TaskForest
A simple, expressive, open-source, text-file-based Job Scheduler with console, HTTP, and RESTful API interfaces.
Documentation
  1. Downloading TaskForest
  2. Installing TaskForest
  3. Configuring TaskForest
    1. Jobs & Families
    2. Calendars
    3. Automatic Retries
    4. Sending Emails
    5. Options
    6. Configuration File
  4. Running TaskForest
  5. Running the TaskForest Web Server
  6. Web Server Security
  7. Checking TaskForest Status
  8. Rerunning a Job
  9. Marking a Job
  10. Tokens
  11. Releasing all Dependencies from a Job
  12. Putting a Job on Hold
  13. Releasing a Hold Off a Job
  14. HOWTO
  15. The RESTful Web Service
  16. Frequently Asked Questions (FAQ)
  17. Bugs
  18. Change Log
  19. Author
  20. Acknowledgements
  21. Copyright

Web Server Security

To use the webserver (or even the web service described later) you must have a valid userid and password. taskforestd does not ship with any default userid and password pairs. A password is required to authenticate the person making requests via the web browswer. This userid and password combination may be (and should be) different from the userid and password of the account under which taskforestd is running.

Which reminds me, as you would expect, taskforestd runs with the privileges of the account that invoked the program.

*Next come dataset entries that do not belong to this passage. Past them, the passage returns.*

lemma SIP_contains_lacunary_triple:
  fixes L :: "int set"
  assumes "infinite L"
  obtains d1 d2 d3 s2 s3 where "lacunary_triple d1 d2 d3 s1 s2 s3"
    and "\<And>e1 e2 e3. {e1, e2, e3} \<subseteq> {-1, 0, 1} \<Longrightarrow>
      e1 * int d1 + e2 * int d2 + e3 * int d3 \<in> SIP L"
proof -
  obtain x1 z1 d1 where p1: "x1 \<in> L" "z1 \<in> L" "x1 - z1 = int d1" "0 < d1" "2 ^ s1 dvd d1"
    using infinite_congruent_pair[OF assms, of "{}" s1] by blast
  obtain x2 z2 d2 where p2: "x2 \<in> L - {x1, z1}" "z2 \<in> L - {x1, z1}" "x2 - z2 = int d2"
    "0 < d2" "2 ^ Suc d1 dvd d2"
    using infinite_congruent_pair[OF assms, of "{x1, z1}" "Suc d1"] by blast
  obtain x3 z3 d3 where p3: "x3 \<in> L - {x1, z1, x2, z2}" "z3 \<in> L - {x1, z1, x2, z2}"
    "x3 - z3 = int d3" "0 < d3" "2 ^ Suc d2 dvd d3"
    using infinite_congruent_pair[OF assms, of "{x1, z1, x2, z2}" "Suc d2"] by blast
  have "lacunary_triple d1 d2 d3 s1 (Suc d1) (Suc d2)"
    using p1 p2 p3 less_exp[of d1] less_exp[of d2] by unfold_locales simp_all
  moreover have "e1 * int d1 + e2 * int d2 + e3 * int d3 \<in> SIP L"
    if "{e1, e2, e3} \<subseteq> {-1, 0, 1}" for e1 e2 e3
  proof -
    have "e1 * (x1 - z1) \<in> SIP {x1, z1}" "e2 * (x2 - z2) \<in> SIP {x2, z2}"
      "e3 * (x3 - z3) \<in> SIP {x3, z3}"
      using that by (auto intro: signed_diff_in_SIP)
    then have "e1 * (x1 - z1) + e2 * (x2 - z2) + e3 * (x3 - z3) \<in> SIP ({x1, z1} \<union> {x2, z2} \<union> {x3, z3})"
      using p2 p3 by (intro SIP_add_disjoint) auto
    moreover have "{x1, z1} \<union> {x2, z2} \<union> {x3, z3} \<subseteq> L"
      using p1 p2 p3 by blast
    ultimately show ?thesis
      unfolding p1(3) p2(3) p3(3) using SIP_mono by blast
  qed
  ultimately show thesis
    by (rule that)
qed

lemma translate_SIP_meets_colour:
  assumes "infinite L"
  shows "\<exists>n \<in> (\<lambda>x. x + u) ` SIP L \<inter> PosNat. colour (nat n) = c"
proof (rule ccontr)
  assume "\<not> ?thesis"
  then have avoid: "colour (nat (u + int d)) = (\<not> c)" if "int d \<in> SIP L" "0 < u + int d" for d
    using that unfolding PosNat_def by (force simp: add.commute)
  define U where "U = nat \<bar>u\<bar>"
  have U_small: "2 * U < 2 ^ Suc U"
    using less_exp[of U] by simp
  obtain d1 d2 d3 s2 s3 where triple: "lacunary_triple d1 d2 d3 (Suc U) s2 s3"
    and comb: "\<And>e1 e2 e3. {e1, e2, e3} \<subseteq> {-1, 0, 1} \<Longrightarrow>
      e1 * int d1 + e2 * int d2 + e3 * int d3 \<in> SIP L"
    using SIP_contains_lacunary_triple[OF assms] by metis
  interpret lacunary_triple d1 d2 d3 "Suc U" s2 s3
    by (fact triple)
  have U_less: "U < d1"
    using U_small dvd_imp_le[OF pow2_dvd(1) pos(1)] by linarith
  have "int d1 \<in> SIP L" "int d2 \<in> SIP L" "int d3 \<in> SIP L" "int (d1 + d2) \<in> SIP L"
    "int (d2 - d1) \<in> SIP L" "int (d3 - d1) \<in> SIP L" "int (d3 - d2) \<in> SIP L"
    using increasing comb[of 1 0 0] comb[of 0 1 0] comb[of 0 0 1] comb[of 1 1 0] comb[of "-1" 1 0]
      comb[of "-1" 0 1] comb[of 0 "-1" 1]
    by (simp_all add: of_nat_diff ac_simps)
  moreover have "int (d3 - d2 + d1) = 1 * int d1 + (-1) * int d2 + 1 * int d3"
    using increasing by (simp add: of_nat_diff)
  then have "int (d3 - d2 + d1) \<in> SIP L"
    using comb[of 1 "-1" 1] by (simp only:) simp
  ultimately have in_SIP: "int d \<in> SIP L"
    if "d \<in> {d1, d2, d3, d1 + d2, d2 - d1, d3 - d1, d3 - d2, d3 - d2 + d1}" for d
    using that by blast
  show False
  proof (cases "0 \<le> u")
    case True
    have "colour (U + d) = (\<not> c)" if "d \<in> {d1, d2, d1 + d2, d2 - d1, d3 - d1, d3 - d2}" for d
    proof -
      have "int d \<in> SIP L"
        using that by (intro in_SIP) blast
      moreover have "0 < d"
        using that increasing pos by auto
      moreover have "u = int U"
        using True unfolding U_def by simp
      ultimately show ?thesis
        using avoid[of d] by (simp add: nat_add_distrib)
    qed
    then show False
      using colour_not_constant_above[OF U_small] by blast
  next
    case False
    have "colour (d - U) = (\<not> c)" if "d \<in> {d1, d2, d3, d3 - d2 + d1}" for d
    proof -
      have "int d \<in> SIP L"
        using that by (intro in_SIP) blast
      moreover have "U < d"
        using that increasing U_less by auto
      moreover have "u = - int U"
        using False unfolding U_def by simp
      ultimately show ?thesis
        using avoid[of d] by (simp add: nat_diff_distrib of_nat_diff)
    qed
    moreover have "0 < U"
      using False unfolding U_def by simp
    ultimately show False
      using colour_not_constant_below[OF _ U_small] by blast
  qed
qed

lemma contains_translate_SIP_meets_colour:
  assumes "contains_translate_SIP B"
  shows "\<exists>n \<in> B. colour (nat n) = c"
proof -
  obtain L u where "infinite L" and "(\<lambda>x. x + u) ` SIP L \<inter> PosNat \<subseteq> B"
    using assms unfolding contains_translate_SIP_def by blast
  then show ?thesis
    using translate_SIP_meets_colour[of L u c] by blast
qed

If that account does not have permissions to read and write the job and family files, you will not be able to use the web server.

It is not a good idea to run taskforestd as root, because even though taskforestd is written with security in mind, running as root opens a huge security hole. And anyway, you shouldn't run as root any program that you download off the 'net any more than you should give a stranger the keys to your house.

The best method is to create a separate system user account for taskforest and taskforestd, and run the web server and command line requests as that user.

Coming back to the taskforestd userid and password: The userids and passwords are specified in the configuration file using the same format as Apache's .htpasswd files. You can see commented-out examples of this in the configuration file taskforestd.cfg. For your convenience, the TaskForest distribution includes a program called gen_passwd that generates text that you can copy and paste into the config file:

gen_passwd foo bar
The above command will print out somthing that looks like the following;
foo:4poVZGiAlO1BY

This text can then be copied and pasted into the configuration file as a valid_user option.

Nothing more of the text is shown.